PhotoJourney-Nepal 2017
November saw the team and participants head to East Nepal – it’s always a little trickier travelling in the East, so a little more Land Rover time; but BOY was it worth it! We headed pretty much straight away to Rumjatar after a recovery night in Kathmandu. Rumjatar is a remote Hill Village roughly half way between Kathmandu and the Indian border at the Eastern point of Nepal….and directly below the Everest region of the High Himalayas.
The workshop was again looking to help photographers with little knowledge, and improve the photography of those with some decent experience – and it was a cracking team (we always seem to get on; must be the calming effects of the mountains and people of Nepal.
So – one of the first projects was to head where we could reasonably easily access to photograph Everest itself. We were not disappointed because the weather was perfect, and as clear a view of the mother of mountains as you could hope for.

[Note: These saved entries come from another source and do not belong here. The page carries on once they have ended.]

(* Let $(Z,Y)$ be random with $Z\in[0,1]$, $Y\in\{0,1\}$, let $g:[0,1]\to[0,1]$, let $\alpha\ge1$, and let $\mathcal{B}=\{I_1,\dots,I_B\}$ be an $\alpha$-well-balanced binning scheme of size $B$ (with respect to $g(Z)$). Then $\mathrm{MSE}(g_{\mathcal{B}})\le \mathrm{MSE}(g)+\frac{2\alpha}{B}$.
   Context: A binning scheme of size $B$ is a set of intervals $I_1,\dots,I_B$ partitioning $[0,1]$; $\beta(z)$ is the index $j$ with $z\in I_j$. It is $\alpha$-well-balanced if $\frac{1}{\alpha B}\le\Pr(g(Z)\in I_j)\le\frac{\alpha}{B}$ for all $j$. $g_{\mathcal{B}}(z)=\mathbb{E}[g(Z)\mid g(Z)\in I_{\beta(g(z))}]$ and $\mathrm{MSE}(h)=\mathbb{E}[(h(Z)-Y)^2]$. *)

theory Defs
  imports "HOL-Probability.Probability"
begin

definition binning_scheme :: "(nat \<Rightarrow> real set) \<Rightarrow> nat \<Rightarrow> bool" where
  "binning_scheme I B \<longleftrightarrow> B \<ge> 1
     \<and> (\<forall>j\<in>{1..B}. is_interval (I j))
     \<and> (\<forall>i\<in>{1..B}. \<forall>j\<in>{1..B}. i \<noteq> j \<longrightarrow> I i \<inter> I j = {})
     \<and> (\<Union>j\<in>{1..B}. I j) = {0..1}"

definition bin_index :: "(nat \<Rightarrow> real set) \<Rightarrow> nat \<Rightarrow> real \<Rightarrow> nat" where
  "bin_index I B z = (THE j. j \<in> {1..B} \<and> z \<in> I j)"

definition well_balanced ::
  "'a measure \<Rightarrow> ('a \<Rightarrow> real) \<Rightarrow> real \<Rightarrow> (nat \<Rightarrow> real set) \<Rightarrow> nat \<Rightarrow> bool" where
  "well_balanced M X \<alpha> I B \<longleftrightarrow>
     (\<forall>j\<in>{1..B}. 1 / (\<alpha> * real B) \<le> measure M {\<omega> \<in> space M. X \<omega> \<in> I j}
                 \<and> measure M {\<omega> \<in> space M. X \<omega> \<in> I j} \<le> \<alpha> / real B)"

definition cond_exp_event :: "'a measure \<Rightarrow> ('a \<Rightarrow> real) \<Rightarrow> 'a set \<Rightarrow> real" where
  "cond_exp_event M X A = (\<integral>\<omega>. X \<omega> * indicator A \<omega> \<partial>M) / measure M A"

definition binned :: "'a measure \<Rightarrow> ('a \<Rightarrow> real) \<Rightarrow> (real \<Rightarrow> real) \<Rightarrow> (nat \<Rightarrow> real set) \<Rightarrow> nat
    \<Rightarrow> real \<Rightarrow> real" where
  "binned M Z g I B z = cond_exp_event M (\<lambda>\<omega>. g (Z \<omega>))
      {\<omega> \<in> space M. g (Z \<omega>) \<in> I (bin_index I B (g z))}"

definition MSE :: "'a measure \<Rightarrow> ('a \<Rightarrow> real) \<Rightarrow> ('a \<Rightarrow> real) \<Rightarrow> (real \<Rightarrow> real) \<Rightarrow> real" where
  "MSE M Z Y h = (\<integral>\<omega>. (h (Z \<omega>) - Y \<omega>)\<^sup>2 \<partial>M)"

end

theory Submission
  imports Defs
begin

text \<open>
  The binned value \<open>g\<^sub>\<B>(z)\<close> is the mean of \<open>g(Z)\<close> over the bin \<open>I\<^sub>j\<close> containing \<open>g(z)\<close>, so it lies
  between \<open>inf I\<^sub>j\<close> and \<open>sup I\<^sub>j\<close> and differs from \<open>g(z)\<close> by at most the length \<open>|I\<^sub>j|\<close>. As all
  values lie in \<open>[0,1]\<close>, moving a prediction by \<open>d\<close> raises its squared error by at most \<open>2d\<close>.
  Averaging, the MSE grows by at most \<open>2 \<Sum>\<^sub>j |I\<^sub>j| Pr(g(Z) \<in> I\<^sub>j) \<le> 2 (\<alpha>/B) \<Sum>\<^sub>j |I\<^sub>j| = 2\<alpha>/B\<close>,
  since the bins partition \<open>[0,1]\<close>.
\<close>

lemma measure_lborel_interval:
  fixes S :: "real set"
  assumes "is_interval S" "bounded S" "S \<noteq> {}"
  shows "measure lborel S = Sup S - Inf S"
proof -
  have bdd: "bdd_below S" "bdd_above S"
    using assms(2) by (auto intro: bounded_imp_bdd_below bounded_imp_bdd_above)
  have inner: "{Inf S<..<Sup S} \<subseteq> S"
  proof
    fix x assume x: "x \<in> {Inf S<..<Sup S}"
    obtain s where "s \<in> S" "s < x" using x assms(3) bdd by (auto simp: cInf_less_iff)
    moreover obtain t where "t \<in> S" "x < t" using x assms(3) bdd by (auto simp: less_cSup_iff)
    ultimately show "x \<in> S" using assms(1) unfolding is_interval_1 by (meson less_imp_le)
  qed
  have outer: "S \<subseteq> {Inf S..Sup S}"
    using bdd by (auto intro: cInf_lower cSup_upper)
  have Icc: "{Inf S..Sup S} \<in> fmeasurable lborel"
    by (intro fmeasurable_compact) simp
  have S: "S \<in> fmeasurable lborel"
    using fmeasurableI2[OF Icc outer] real_interval_borel_measurable[OF assms(1)] by simp
  have "measure lborel {Inf S<..<Sup S} \<le> measure lborel S"
    using inner S by (intro measure_mono_fmeasurable) auto
  moreover have "measure lborel S \<le> measure lborel {Inf S..Sup S}"
    using outer S Icc by (intro measure_mono_fmeasurable) auto
  moreover have "Inf S \<le> Sup S"
    using bdd assms(3) by (simp add: cInf_le_cSup)
  ultimately show ?thesis by simp
qed
lemma uniform_grid_exists:
  assumes "0 < T" "0 < \<delta>"
  obtains m :: nat and h :: real where "0 < h" "h < \<delta>" "real m * h = T"
proof -
  obtain m :: nat where m: "T / \<delta> < real m" using reals_Archimedean2 by blast
  moreover have "0 < T / \<delta>" using assms by simp
  ultimately have "0 < real m" by linarith
  moreover have "T / real m < \<delta>" using m assms \<open>0 < real m\<close> by (simp add: field_simps)
  ultimately show ?thesis using assms by (intro that[of "T / real m" m]) auto
qed

lemma fine_grid_exists:
  fixes f :: "real \<Rightarrow> real"
  assumes f: "continuous_on {0..} f" and vanish: "\<And>r. T - 1 \<le> r \<Longrightarrow> f r = 0"
    and "1 \<le> T" "0 < \<eta>"
  obtains \<delta> :: real and s :: "nat \<Rightarrow> real" and m :: nat
  where "0 < \<delta>" "s 0 = 0" "s m = T" "\<And>j. s j \<le> s (Suc j)" "\<And>j. s (Suc j) - s j < \<delta> / 2"
    "\<And>r. s m - \<delta> / 4 < r \<Longrightarrow> f r = 0"
    "\<And>r r'. 0 \<le> r \<Longrightarrow> r < r' \<Longrightarrow> r' < s m + \<delta> / 4 \<Longrightarrow> r' - r < \<delta> \<Longrightarrow> \<bar>f r' - f r\<bar> \<le> \<eta>"
proof -
  have "continuous_on {0..T + 1} f" using f by (rule continuous_on_subset) auto
  then obtain \<delta> where "0 < \<delta>" "\<delta> \<le> 1"
    and osc: "\<And>r r'. r \<in> {0..T + 1} \<Longrightarrow> r' \<in> {0..T + 1} \<Longrightarrow> \<bar>r' - r\<bar> < \<delta> \<Longrightarrow> \<bar>f r' - f r\<bar> \<le> \<eta>"
    using continuous_on_Icc_modulus \<open>0 < \<eta>\<close> by blast
  obtain m :: nat and h where "0 < h" "h < \<delta> / 2" "real m * h = T"
    by (rule uniform_grid_exists[of T "\<delta> / 2"]) (use \<open>0 < \<delta>\<close> \<open>1 \<le> T\<close> in auto)
  show ?thesis
  proof (rule that[of \<delta> "\<lambda>j. real j * h" m])
    show "real j * h \<le> real (Suc j) * h" "real (Suc j) * h - real j * h < \<delta> / 2" for j
      using \<open>0 < h\<close> \<open>h < \<delta> / 2\<close> by (simp_all add: algebra_simps)
    show "f r = 0" if "real m * h - \<delta> / 4 < r" for r
      using that \<open>\<delta> \<le> 1\<close> \<open>real m * h = T\<close> by (intro vanish) auto
    show "\<bar>f r' - f r\<bar> \<le> \<eta>" if "0 \<le> r" "r < r'" "r' < real m * h + \<delta> / 4" "r' - r < \<delta>" for r r'
      using that \<open>\<delta> \<le> 1\<close> \<open>real m * h = T\<close> by (intro osc) auto
  qed (use \<open>0 < \<delta>\<close> \<open>real m * h = T\<close> in auto)
qed

locale qv_skorokhod_limit = partition_sequence +
  fixes x q :: "real \<Rightarrow> real" and l :: "nat \<Rightarrow> real \<Rightarrow> real"
  assumes cadlag_x: "cadlag x" and cadlag_q: "cadlag q"
    and time_change: "\<And>n. time_change (l n)"
    and time_change_uniform: "\<And>\<epsilon>. 0 < \<epsilon> \<Longrightarrow> \<forall>\<^sub>F n in sequentially. \<forall>s\<ge>0. \<bar>l n s - s\<bar> < \<epsilon>"
    and qv_approx_uniform: "\<And>N \<epsilon>. 0 < \<epsilon> \<Longrightarrow>
      \<forall>\<^sub>F n in sequentially. \<forall>s\<in>{0..N}. \<bar>qv_approx k t x n (l n s) - q s\<bar> < \<epsilon>"
begin

abbreviation Q :: "nat \<Rightarrow> real \<Rightarrow> real" where "Q n \<equiv> qv_approx k t x n"

lemma time_change_tendsto:
  assumes "0 \<le> s"
  shows "(\<lambda>n. l n s) \<longlonglongrightarrow> s"
proof (unfold tendsto_iff dist_real_def, intro allI impI)
  fix \<epsilon> :: real assume "0 < \<epsilon>"
  show "\<forall>\<^sub>F n in sequentially. \<bar>l n s - s\<bar> < \<epsilon>"
    using time_change_uniform[OF \<open>0 < \<epsilon>\<close>] by (rule eventually_mono) (use assms in auto)
qed

lemma Q_time_change_tendsto:
  assumes "0 \<le> s"
  shows "(\<lambda>n. Q n (l n s)) \<longlonglongrightarrow> q s"
proof (unfold tendsto_iff dist_real_def, intro allI impI)
  fix \<epsilon> :: real assume "0 < \<epsilon>"
  show "\<forall>\<^sub>F n in sequentially. \<bar>Q n (l n s) - q s\<bar> < \<epsilon>"
    using qv_approx_uniform[OF \<open>0 < \<epsilon>\<close>, of s] by (rule eventually_mono) (use assms in auto)
qed

lemma q_nonneg: "0 \<le> s \<Longrightarrow> 0 \<le> q s"
  by (rule LIMSEQ_le_const[OF Q_time_change_tendsto]) (auto intro: qv_approx_nonneg)

lemma q_mono_le: "0 \<le> s \<Longrightarrow> s \<le> s' \<Longrightarrow> q s \<le> q s'"
  using Q_time_change_tendsto qv_approx_mono_le time_change_le[OF time_change]
  by (intro LIMSEQ_le[OF Q_time_change_tendsto Q_time_change_tendsto]) auto

lemma x_continuous_from_right: "0 \<le> u \<Longrightarrow> continuous (at u within {u..}) x"
  using cadlag_x by (simp add: cadlag_def continuous_within at_within_Ici_at_right)

lemma x_tendsto_left_lim: "0 < u \<Longrightarrow> (x \<longlongrightarrow> Lim (at_left u) x) (at_left u)"
  using cadlag_x unfolding cadlag_def by (metis tendsto_Lim trivial_limit_at_left_real)

lemma q_0: "q 0 = 0"
proof -
  have k_pos: "\<forall>\<^sub>F n in sequentially. 0 < k n"
    using eventually_last_ge[of 1] by eventually_elim (metis t_0 gr0I zero_less_one not_le)
  have "Q n 0 = (x (t n 1) - x 0)\<^sup>2" if "0 < k n" for n
  proof -
    have "{i. i < k n \<and> t n i \<le> 0} = {0}"
    proof safe
      fix i assume "i < k n" "t n i \<le> 0"
      then show "i = 0" using t_less[of 0 i n] t_0[of n] by (cases "i = 0") auto
    qed (use that t_0 in auto)
    then show ?thesis by (simp add: qv_approx_def t_0)
  qed
  then have Q_0: "\<forall>\<^sub>F n in sequentially. (x (t n 1) - x 0)\<^sup>2 = Q n 0"
    using k_pos by (auto elim: eventually_mono)
  have "(\<lambda>n. x (t n 1)) \<longlonglongrightarrow> x 0"
    using k_pos
    by (intro continuous_within_tendsto_compose[OF x_continuous_from_right _ t_1_tendsto_0])
      (auto elim!: eventually_mono intro: t_nonneg)
  then have "(\<lambda>n. (x (t n 1) - x 0)\<^sup>2) \<longlonglongrightarrow> 0"
    by (auto intro!: tendsto_eq_intros)
  then have "(\<lambda>n. Q n 0) \<longlonglongrightarrow> 0"
    using Q_0 by (rule Lim_transform_eventually)
  moreover have "(\<lambda>n. Q n 0) \<longlonglongrightarrow> q 0"
    using Q_time_change_tendsto[of 0] by (simp add: time_change_0[OF time_change])
  ultimately show ?thesis using LIMSEQ_unique by blast
qed

sublocale nondecreasing_cadlag_0 q
  using cadlag_q q_mono_le q_0 by unfold_locales (auto simp: mono_on_def)

lemma sq_increment_cell_index_tendsto:
  assumes "0 < u"
  shows "(\<lambda>n. (x (t n (Suc (cell_index u n))) - x (t n (cell_index u n)))\<^sup>2) \<longlonglongrightarrow> (jump x u)\<^sup>2"
proof -
  have "(\<lambda>n. x (t n (Suc (cell_index u n)))) \<longlonglongrightarrow> x u"
    using eventually_cell_index[OF assms] assms
    by (intro continuous_within_tendsto_compose[OF x_continuous_from_right _ cell_index_tendsto(2)])
      (auto elim!: eventually_mono)
  moreover have "(\<lambda>n. x (t n (cell_index u n))) \<longlonglongrightarrow> Lim (at_left u) x"
    using eventually_cell_index[OF assms]
    by (intro filterlim_compose[OF x_tendsto_left_lim[OF assms]]
        tendsto_imp_filterlim_at_left[OF cell_index_tendsto(1)[OF assms]])
      (auto elim!: eventually_mono)
  ultimately show ?thesis using assms by (auto simp: jump_def intro!: tendsto_eq_intros)
qed

lemma sq_jump_le_increase:
  assumes "0 \<le> r" "r < u" "u < s"
  shows "(jump x u)\<^sup>2 \<le> q s - q r"
proof -
  have "0 < u" using assms by linarith
  have "\<forall>\<^sub>F n in sequentially. l n r < (r + u) / 2"
    using assms by (intro order_tendstoD(2)[OF time_change_tendsto]) auto
  moreover have "\<forall>\<^sub>F n in sequentially. (r + u) / 2 < t n (cell_index u n)"
    using assms by (intro order_tendstoD(1)[OF cell_index_tendsto(1)[OF \<open>0 < u\<close>]]) auto
  moreover have "\<forall>\<^sub>F n in sequentially. u < l n s"
    using assms by (intro order_tendstoD(1)[OF time_change_tendsto]) auto
  ultimately have "\<forall>\<^sub>F n in sequentially. (x (t n (Suc (cell_index u n))) - x (t n (cell_index u n)))\<^sup>2
      \<le> Q n (l n s) - Q n (l n r)"
    using eventually_cell_index[OF \<open>0 < u\<close>]
    by eventually_elim (auto intro!: sq_increment_le_qv_approx_diff)
  moreover have "(\<lambda>n. Q n (l n s) - Q n (l n r)) \<longlonglongrightarrow> q s - q r"
    using assms by (intro tendsto_diff Q_time_change_tendsto) auto
  ultimately show ?thesis
    using tendsto_le[OF trivial_limit_sequentially _ sq_increment_cell_index_tendsto[OF \<open>0 < u\<close>]]
    by blast
qed

lemma sq_jump_le_jump: "(jump x u)\<^sup>2 \<le> jump q u"
proof (cases "0 < u")
  case True
  have "(jump x u)\<^sup>2 + q r \<le> q u" if "0 \<le> r" "r < u" for r
  proof (rule tendsto_lowerbound[OF tendsto_at_right])
    show "\<forall>\<^sub>F s in at_right u. (jump x u)\<^sup>2 + q r \<le> q s"
      using sq_jump_le_increase[OF that]
      by (force simp: eventually_at_right_field algebra_simps intro!: exI[of _ "u + 1"])
  qed (use that in auto)
  then have "Lim (at_left u) q \<le> q u - (jump x u)\<^sup>2"
    using True
    by (intro tendsto_upperbound[OF tendsto_left_lim])
      (auto simp: eventually_at_left_field algebra_simps intro!: exI[of _ 0])
  then show ?thesis using True by (simp add: jump_def)
qed (simp add: jump_def)
(* If condition $(C_k)$ holds for some $k\in I_n$, then every equilibrium $u$ of the system lying in $\pi_k$ satisfies $\alpha_ku<1$.
   Context: Fix $n\ge 2$ and $I_m=\{1,\dots,m\}$. Consider the Lotka–Volterra system $x_i'=b_ix_i(1-\alpha_ix)$, $i\in I_n$, where $b_i>0$, $\alpha_i=(a_{i1},\dots,a_{in})$ with $a_{ii}>0$ and $a_{ij}\ge 0$, on $\mathbb{R}^n_+$. For $u\le v$ (componentwise), $[u,v]=\{x\in\mathbb{R}^n_+:u\le x\le v\}$. For $J\subset I_n$, $u^J_i=u_i$ for $i\in J$ and $0$ otherwise. $\pi_i=\{x\in\mathbb{R}^n_+:x_i=0\}$, $\gamma_i=\{x\in\mathbb{R}^n_+:\alpha_ix=1\}$. Define $U$ componentwise by: $U_i=a_{ii}^{-1}$ if $a_{ii}\le a_{ji}$ or $a_{ij}=0$ for some $j\ne i$; otherwise $U_i=0$ if $a_{ji}<a_{ii}$ and $a_{jk}\le a_{ik}$ for all $j,k\in I_n\setminus\{i\}$; otherwise $U_i=\max\{\frac{a_{kj}-a_{ij}}{a_{ii}a_{kj}-a_{ij}a_{ki}}: j,k\in I_n\setminus\{i\},\ a_{kj}>a_{ij}\}$. Condition $(C_k)$: either $\alpha_kU^{I_n\setminus\{k\}}<1$, or every $x\in\gamma_k\cap[0,U^{I_n\setminus\{k\}}]$ satisfies $\alpha_jx>1$ for all $j\in I_n\setminus\{k\}$. *)

theory Defs
  imports "HOL-Analysis.Analysis"
begin

text \<open>Lotka--Volterra system x_i' = b_i x_i (1 - alpha_i x) on the nonnegative orthant
  of R^n, with indices ranging over a finite type 'n (so I_n = UNIV).
  The interaction matrix is A with A$i$j = a_ij; alpha_i = row i of A.\<close>

definition alpha :: "real^'n^'n \<Rightarrow> 'n \<Rightarrow> real^'n \<Rightarrow> real" where
  "alpha A i x = (\<Sum>j\<in>UNIV. A$i$j * x$j)"

definition nonneg :: "real^'n \<Rightarrow> bool" where
  "nonneg x \<longleftrightarrow> (\<forall>i. 0 \<le> x$i)"

definition LV_field :: "real^'n \<Rightarrow> real^'n^'n \<Rightarrow> real^'n \<Rightarrow> real^'n" where
  "LV_field b A x = (\<chi> i. b$i * x$i * (1 - alpha A i x))"

definition equilibrium :: "real^'n \<Rightarrow> real^'n^'n \<Rightarrow> real^'n \<Rightarrow> bool" where
  "equilibrium b A u \<longleftrightarrow> nonneg u \<and> LV_field b A u = 0"

definition restr :: "'n set \<Rightarrow> real^'n \<Rightarrow> real^'n" where
  "restr J u = (\<chi> i. if i \<in> J then u$i else 0)"

definition box :: "real^'n \<Rightarrow> real^'n \<Rightarrow> (real^'n) set" where
  "box u v = {x. nonneg x \<and> (\<forall>i. u$i \<le> x$i \<and> x$i \<le> v$i)}"

definition gamma :: "real^'n^'n \<Rightarrow> 'n \<Rightarrow> (real^'n) set" where
  "gamma A i = {x. nonneg x \<and> alpha A i x = 1}"

definition pi_face :: "'n \<Rightarrow> (real^'n) set" where
  "pi_face i = {x. nonneg x \<and> x$i = 0}"

definition Ubound :: "real^'n^'n \<Rightarrow> real^'n" where
  "Ubound A = (\<chi> i.
     if (\<exists>j. j \<noteq> i \<and> (A$i$i \<le> A$j$i \<or> A$i$j = 0)) then 1 / A$i$i
     else if (\<forall>j. j \<noteq> i \<longrightarrow> A$j$i < A$i$i) \<and>
             (\<forall>j k. j \<noteq> i \<longrightarrow> k \<noteq> i \<longrightarrow> A$j$k \<le> A$i$k) then 0
     else Max {(A$k$j - A$i$j) / (A$i$i * A$k$j - A$i$j * A$k$i) | j k.
                 j \<noteq> i \<and> k \<noteq> i \<and> A$k$j > A$i$j})"

definition cond_C :: "real^'n^'n \<Rightarrow> 'n \<Rightarrow> bool" where
  "cond_C A k \<longleftrightarrow>
     alpha A k (restr (UNIV - {k}) (Ubound A)) < 1 \<or>
     (\<forall>x \<in> gamma A k \<inter> box 0 (restr (UNIV - {k}) (Ubound A)).
        \<forall>j. j \<noteq> k \<longrightarrow> alpha A j x > 1)"

end

theory Submission
  imports Defs
begin

(* Suppose u is an equilibrium in the face x_k = 0 with m = alpha_k u >= 1.
   Every coordinate of u is either zero or lies on its nullcline alpha_i u = 1, so the
   rescaled point x = u / m lies on gamma_k, has x_k = 0, and satisfies alpha_i x = 1/m <= 1
   wherever x_i > 0; we say x lies below the nullclines of its support.
   The heart of the argument is the a-priori bound: every point of gamma_k lying below the
   nullclines of its support satisfies x_i <= U_i for all i <> k.  It is proved separately
   for the three branches of the definition of U: a diagonal bound x_i <= 1/a_ii, a
   domination argument forcing x_i = 0, and a comparison of the two nullcline sums that
   produces an index j with x_i below the crossing ratio of (i,j,k).
   Hence x lies in gamma_k intersected with [0, U^{I_n - k}], and both alternatives of
   (C_k) are contradicted: the first by monotonicity of alpha_k, the second at any
   coordinate j with x_j > 0 (such j exists and differs from k because alpha_k x = 1). *)

lemma alpha_split:
  "alpha A i x = A$i$l * x$l + (\<Sum>j\<in>UNIV-{l}. A$i$j * x$j)"
  unfolding alpha_def by (rule sum.remove) auto

text \<open>alpha_i is linear; homogeneity is what makes rescaling an equilibrium useful.\<close>
lemma alpha_scale: "alpha A i (c *\<^sub>R x) = c * alpha A i x"
  unfolding alpha_def by (simp add: sum_distrib_left algebra_simps)

lemma alpha_mono:
  assumes "\<forall>i j. A$i$j \<ge> 0" and "\<forall>j. x$j \<le> y$j"
  shows "alpha A i x \<le> alpha A i y"
  unfolding alpha_def using assms by (intro sum_mono mult_left_mono) auto

lemma alpha_rest_nonneg:
  assumes "\<forall>i j. A$i$j \<ge> 0" and "nonneg x"
  shows "0 \<le> (\<Sum>j\<in>UNIV-{l}. A$i$j * x$j)"
  using assms unfolding nonneg_def by (intro sum_nonneg) auto

lemma equilibrium_coord:
  assumes "equilibrium b A u" and "b$i > 0"
  shows "u$i = 0 \<or> alpha A i u = 1"
proof -
  have "LV_field b A u $ i = 0" using assms(1) unfolding equilibrium_def by simp
  hence "b$i * u$i * (1 - alpha A i u) = 0" unfolding LV_field_def by simp
  thus ?thesis using assms(2) by simp
qed

text \<open>x lies on or below the nullcline alpha_i x = 1 of every species it contains.
  Rescaled equilibria have this property, and it is all the a-priori bound uses.\<close>
definition below_nullclines :: "real^'n^'n \<Rightarrow> real^'n \<Rightarrow> bool" where
  "below_nullclines A x \<longleftrightarrow> (\<forall>i. 0 < x$i \<longrightarrow> alpha A i x \<le> 1)"

text \<open>The quantity maximised in the third branch of the definition of U.\<close>
definition crossing_ratio :: "real^'n^'n \<Rightarrow> 'n \<Rightarrow> 'n \<Rightarrow> 'n \<Rightarrow> real" where
  "crossing_ratio A i j k = (A$k$j - A$i$j) / (A$i$i * A$k$j - A$i$j * A$k$i)"

lemma crossing_ratio_threshold:
  fixes aii aki aij akj s :: real
  assumes "0 < aii" "aki < aii" "0 \<le> aij" "aij < akj"
  shows "0 < aii * akj - aij * aki"
    and "s \<le> (akj - aij) / (aii * akj - aij * aki) \<longleftrightarrow>
         aij * (1 - s * aki) \<le> akj * (1 - s * aii)"
proof -
  have "aij * aki \<le> aij * aii" using assms by (simp add: mult_left_mono)
  also have "\<dots> < akj * aii" using assms by (simp add: mult_strict_right_mono)
  finally show den: "0 < aii * akj - aij * aki" by (simp add: algebra_simps)
  show "s \<le> (akj - aij) / (aii * akj - aij * aki) \<longleftrightarrow>
        aij * (1 - s * aki) \<le> akj * (1 - s * aii)"
    using den by (simp add: pos_le_divide_eq algebra_simps)
qed

section \<open>The a-priori bound x_i \<le> U_i on gamma_k\<close>

lemma coord_le_inv_diag:
  assumes nn: "\<forall>i j. A$i$j \<ge> 0" and aii: "0 < A$i$i" and xn: "nonneg x"
    and below: "below_nullclines A x"
  shows "x$i \<le> 1 / A$i$i"
proof (cases "0 < x$i")
  case True
  have "A$i$i * x$i \<le> alpha A i x"
    using alpha_split[of A i x i] alpha_rest_nonneg[OF nn xn, of i i] by simp
  also have "\<dots> \<le> 1" using below True unfolding below_nullclines_def by blast
  finally show ?thesis using aii by (simp add: pos_le_divide_eq mult.commute)
next
  case False
  hence "x$i \<le> 0" by simp
  also have "\<dots> \<le> 1 / A$i$i" using aii by simp
  finally show ?thesis .
qed

lemma coord_zero_if_dominated:
  assumes xn: "nonneg x" and ak: "alpha A k x = 1" and below: "below_nullclines A x"
    and dom_i: "A$k$i < A$i$i" and dom_rest: "\<forall>j. j \<noteq> i \<longrightarrow> A$k$j \<le> A$i$j"
  shows "x$i \<le> 0"
proof (rule ccontr)
  assume "\<not> x$i \<le> 0"
  hence xi: "0 < x$i" by simp
  have "(\<Sum>j\<in>UNIV-{i}. A$k$j * x$j) \<le> (\<Sum>j\<in>UNIV-{i}. A$i$j * x$j)"
    using dom_rest xn unfolding nonneg_def by (intro sum_mono mult_right_mono) auto
  moreover have "A$k$i * x$i < A$i$i * x$i" using dom_i xi by (rule mult_strict_right_mono)
  ultimately have "alpha A k x < alpha A i x"
    using alpha_split[of A k x i] alpha_split[of A i x i] by simp
  thus False using ak below xi unfolding below_nullclines_def by fastforce
qed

From there we headed to the Gurkha Welfare Trust Area Welfare Centre (AWC) on the edge of Rumjatar so we could spend 3 days in the village, really getting to know the place and the people. Most people in Nepal are terrifically friendly – but in Rumjatar they seemed especially so – it was such a privilege to live in amongst these people for a while and try to imagine what life is like here permanently. The structures were good and people genuinely seemed content in this tricky to reach part of the world.
When the time came to leave, we bade farewell to the ever-attentive staff at the AWC and headed even further east to one of the largest towns in Nepal; Dharan. On the northern edge of Dharan (and thankfully with added altitude, as it can get oppressively hot in Dharan) lies one of the most impressive AWCs – a Key AWC with amazing medical facilities for those ex-Gurkhas or their widows who live in the region. There is also the second Residential Home for the very elderly ex-Gurkhas who have fallen on hard times, or had been living in distress – an incredible facility and such an amazing thing for those who really need help.
In all, travelling East was very special. The people and houses are slightly different to those from the West – but Nepal is Nepal. Fabulous!